Background Interaction with medical providers is a stressful experience for a child. The current study aimed to assess the efficacy and safety of intranasal midazolam alone versus midazolam/ketamine combination for preoperative sedation prior to ophthalmic procedures in preschool children. This randomized, controlled trial included male and female children (3 to 7 years old) who were American Society of Anesthesiologists (ASA) physical status I or II, with either disability or special needs (such as autism or Down syndrome) or were undergoing multiple operative procedures.

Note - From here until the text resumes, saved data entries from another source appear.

lemma elem_prod_if_unit_upper_triangular:
  assumes "A \<in> carrier_mat d d" "upper_triangular A" "\<forall>i<d. \<bar>A $$ (i, i)\<bar> = 1"
  shows "elem_prod d A"
  using assms
proof (induction "card (off_identity d A)" arbitrary: A rule: less_induct)
  case less
  note A = less.prems(1) and ut = less.prems(2) and diag = less.prems(3)
  have reduce: "elem_prod d A"
    if A': "A' \<in> carrier_mat d d" "upper_triangular A'" "\<forall>i<d. \<bar>A' $$ (i, i)\<bar> = 1"
      and shrink: "off_identity d A' = off_identity d A - {x}" "x \<in> off_identity d A"
      and lift: "elem_prod d A' \<Longrightarrow> elem_prod d A" for A' x
  proof -
    have "card (off_identity d A') < card (off_identity d A)"
      using shrink by (metis card_Diff1_less finite_off_identity)
    then show ?thesis using less.hyps A' lift by blast
  qed
  show ?case
  proof (cases "\<exists>k<d. A $$ (k, k) = -1")
    case True
    then obtain k where k: "k < d" "A $$ (k, k) = -1" by blast
    show ?thesis
    proof (rule reduce[of "multrow k (-1) A" "(k, k)"])
      show "off_identity d (multrow k (-1) A) = off_identity d A - {(k, k)}"
        using A k by (auto simp: off_identity_def split: if_splits)
    qed (use A ut diag k elem_prod_of_multrow in \<open>auto simp: off_identity_def upper_triangular_def\<close>)
  next
    case False
    then have diag1: "\<forall>k<d. A $$ (k, k) = 1"
      using diag by (metis abs_eq_iff')
    show ?thesis
    proof (cases "off_identity d A = {}")
      case True
      then have "A = 1\<^sub>m d" using A by (intro eq_matI) (auto simp: off_identity_def)
      then show ?thesis using elem_prod_one by simp
    next
      case False
      then obtain i c where ic: "(i, c) \<in> off_identity d A" "i < c" "c < d" "A $$ (i, c) \<noteq> 0"
        and row_c: "\<forall>j<d. A $$ (c, j) = 1\<^sub>m d $$ (c, j)"
        using unit_upper_triangular_pivot[OF A ut diag1] by blast
      show ?thesis
      proof (rule reduce[of "addrow (- A $$ (i, c)) i c A" "(i, c)"])
        show "off_identity d (addrow (- A $$ (i, c)) i c A) = off_identity d A - {(i, c)}"
          using A ic row_c by (auto simp: off_identity_def split: if_splits)
      qed (use A ut diag ic row_c elem_prod_of_addrow[of A d i c] in
             \<open>auto simp: upper_triangular_def\<close>)
    qed
  qed
qed

lemma elem_prod_if_upper_triangular:
  assumes A: "A \<in> carrier_mat d d" and ut: "upper_triangular A" and det: "\<bar>det A\<bar> = 1"
  shows "elem_prod d A"
proof (rule elem_prod_if_unit_upper_triangular[OF A ut], intro allI impI)
  fix k assume "k < d"
  then have "A $$ (k, k) dvd (\<Prod>i = 0..<d. A $$ (i, i))" by (intro dvd_prodI) auto
  also have "(\<Prod>i = 0..<d. A $$ (i, i)) = det A"
    using det_upper_triangular[OF ut A] A by (simp add: prod_list_diag_prod)
  finally show "\<bar>A $$ (k, k)\<bar> = 1" using det by (metis dvd_trans zdvd1_eq dvd_refl)
qed

definition upper_triangular_upto :: "nat \<Rightarrow> 'a :: zero mat \<Rightarrow> bool" where
  "upper_triangular_upto c A \<longleftrightarrow> (\<forall>i < dim_row A. \<forall>j < min i c. A $$ (i, j) = 0)"

lemma column_entries_cases:
  fixes f :: "nat \<Rightarrow> int"
  obtains (cleared) "\<forall>r. c < r \<longrightarrow> r < d \<longrightarrow> f r = 0"
    | (two) a b where "c \<le> a" "a < d" "c \<le> b" "b < d" "a \<noteq> b" "f b \<noteq> 0" "\<bar>f b\<bar> \<le> \<bar>f a\<bar>"
    | (one) i where "c < i" "i < d" "\<forall>r. c \<le> r \<longrightarrow> r < d \<longrightarrow> r \<noteq> i \<longrightarrow> f r = 0"
proof (cases "\<forall>r. c < r \<longrightarrow> r < d \<longrightarrow> f r = 0")
  case False
  then obtain i where i: "c < i" "i < d" "f i \<noteq> 0" by blast
  show ?thesis
  proof (cases "\<exists>r. c \<le> r \<and> r < d \<and> r \<noteq> i \<and> f r \<noteq> 0")
    case True
    then obtain r where r: "c \<le> r" "r < d" "r \<noteq> i" "f r \<noteq> 0" by blast
    show ?thesis
    proof (cases "\<bar>f i\<bar> \<le> \<bar>f r\<bar>")
      case True
      then show ?thesis using that(2)[of r i] i r by auto
    next
      case False
      then show ?thesis using that(2)[of i r] i r by auto
    qed
  qed (use that(3) i in blast)
qed (rule that(1))

lemma column_euclid_step:
  assumes A: "A \<in> carrier_mat d d" and ut: "upper_triangular_upto c A"
    and ab: "c \<le> a" "a < d" "c \<le> b" "b < d" "a \<noteq> b"
    and nonzero: "A $$ (b, c) \<noteq> 0" and le: "\<bar>A $$ (b, c)\<bar> \<le> \<bar>A $$ (a, c)\<bar>"
  obtains s where "(\<Sum>r = c..<d. nat \<bar>addrow s a b A $$ (r, c)\<bar>) < (\<Sum>r = c..<d. nat \<bar>A $$ (r, c)\<bar>)"
    "upper_triangular_upto c (addrow s a b A)"
proof -
  define s where "s = - (sgn (A $$ (a, c)) * sgn (A $$ (b, c)))"
  let ?A = "addrow s a b A"
  have entry: "?A $$ (r, j) = (if r = a then s * A $$ (b, j) + A $$ (a, j) else A $$ (r, j))"
    if "r < d" "j < d" for r j
    using A that by simp
  have "?A $$ (a, c) = s * A $$ (b, c) + A $$ (a, c)" using entry ab by simp
  then have "\<bar>?A $$ (a, c)\<bar> = \<bar>A $$ (a, c)\<bar> - \<bar>A $$ (b, c)\<bar>"
    using nonzero le by (auto simp: s_def sgn_if abs_if split: if_splits)
  then have "(\<Sum>r = c..<d. nat \<bar>?A $$ (r, c)\<bar>) < (\<Sum>r = c..<d. nat \<bar>A $$ (r, c)\<bar>)"
    using ab nonzero by (intro sum_strict_mono_ex1) (auto simp: entry intro!: bexI[of _ a] nat_mono)
  moreover have "upper_triangular_upto c ?A"
    using ut A ab by (auto simp: upper_triangular_upto_def entry)
  ultimately show ?thesis using that by blast
qed

lemma elem_prod_by_clearing_column:
  assumes c: "c < d"
    and next_column: "\<And>A. A \<in> carrier_mat d d \<Longrightarrow> upper_triangular_upto (Suc c) A \<Longrightarrow>
      \<bar>det A\<bar> = 1 \<Longrightarrow> elem_prod d A"
  shows "A \<in> carrier_mat d d \<Longrightarrow> upper_triangular_upto c A \<Longrightarrow> \<bar>det A\<bar> = 1 \<Longrightarrow> elem_prod d A"
proof (induction "\<Sum>r = c..<d. nat \<bar>A $$ (r, c)\<bar>" arbitrary: A rule: less_induct)
  case less
  note A = less.prems(1) and ut = less.prems(2) and det = less.prems(3)
  show ?case
  proof (cases rule: column_entries_cases[of c d "\<lambda>r. A $$ (r, c)"])
    case cleared
    then have "upper_triangular_upto (Suc c) A"
      using ut A by (auto simp: upper_triangular_upto_def less_Suc_eq)
    then show ?thesis using next_column A det by blast
  next
    case (two a b)
    then obtain s where "(\<Sum>r = c..<d. nat \<bar>addrow s a b A $$ (r, c)\<bar>) < (\<Sum>r = c..<d. nat \<bar>A $$ (r, c)\<bar>)"
      and "upper_triangular_upto c (addrow s a b A)"
      using column_euclid_step[OF A ut] by blast
    moreover have "\<bar>det (addrow s a b A)\<bar> = 1"
      using det det_addrow[OF two(4,5) A] by simp
    ultimately have "elem_prod d (addrow s a b A)" using less.hyps A by simp
    then show ?thesis using elem_prod_of_addrow[OF A two(2,4,5)] by blast
  next
    case (one i)
    let ?A = "swaprows c i A"
    have "upper_triangular_upto (Suc c) ?A"
      using ut A one c by (auto simp: upper_triangular_upto_def less_Suc_eq)
    moreover have "\<bar>det ?A\<bar> = 1"
      using det det_swaprows[OF c one(2) _ A] one by simp
    ultimately have "elem_prod d ?A" using next_column A by simp
    then show ?thesis using elem_prod_of_swaprows[OF A c one(2)] by blast
  qed
qed

lemma elem_prod_if_upper_triangular_upto:
  "A \<in> carrier_mat d d \<Longrightarrow> upper_triangular_upto c A \<Longrightarrow> \<bar>det A\<bar> = 1 \<Longrightarrow> elem_prod d A"
proof (induction "d - c" arbitrary: c A)
  case 0
  then have "upper_triangular A"
    by (auto simp: upper_triangular_upto_def upper_triangular_def)
  then show ?case using elem_prod_if_upper_triangular 0 by blast
next
  case (Suc m)
  then show ?case
    using elem_prod_by_clearing_column[of c d] Suc.hyps(1)[of "Suc c"] by simp
qed

lemma unimod_iff: "A \<in> unimod d \<longleftrightarrow> A \<in> carrier_mat d d \<and> \<bar>det A\<bar> = 1"
  by (auto simp: unimod_def abs_if)

lemma elem_prod_if_unimod: "A \<in> unimod d \<Longrightarrow> elem_prod d A"
  using elem_prod_if_upper_triangular_upto[of A d 0]
  by (auto simp: unimod_iff upper_triangular_upto_def)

Participants were given either intranasal midazolam (0.5 mg/kg) or a combination of intranasal midazolam (0.25 mg/kg) and ketamine (1 mg/kg). Primary outcome measures were the preoperative level of sedation, agitation, and easiness of separation. Secondary outcomes included oxygen saturation and pulse rate. Any adverse effects, such as nausea and vomiting were reported. Results The mean rank of the Six-point Pediatric Sedation Scale was significantly (p = 0.001) higher in the midazolam/ketamine group compared to the midazolam group (28.15 vs 18.85, respectively). The median pulse rate was significantly (p < 0.001) lower in the midazolam group than the combination group at 5, 10, 15, and 20 min after induction of anesthesia. Conclusions These findings indicate that intranasal ketamine and midazolam combination produced better sedation than intranasal midazolam alone in preschool children prior to ophthalmic procedures. Moreover, ketamine and midazolam combination was safer with less incidence of bradycardia.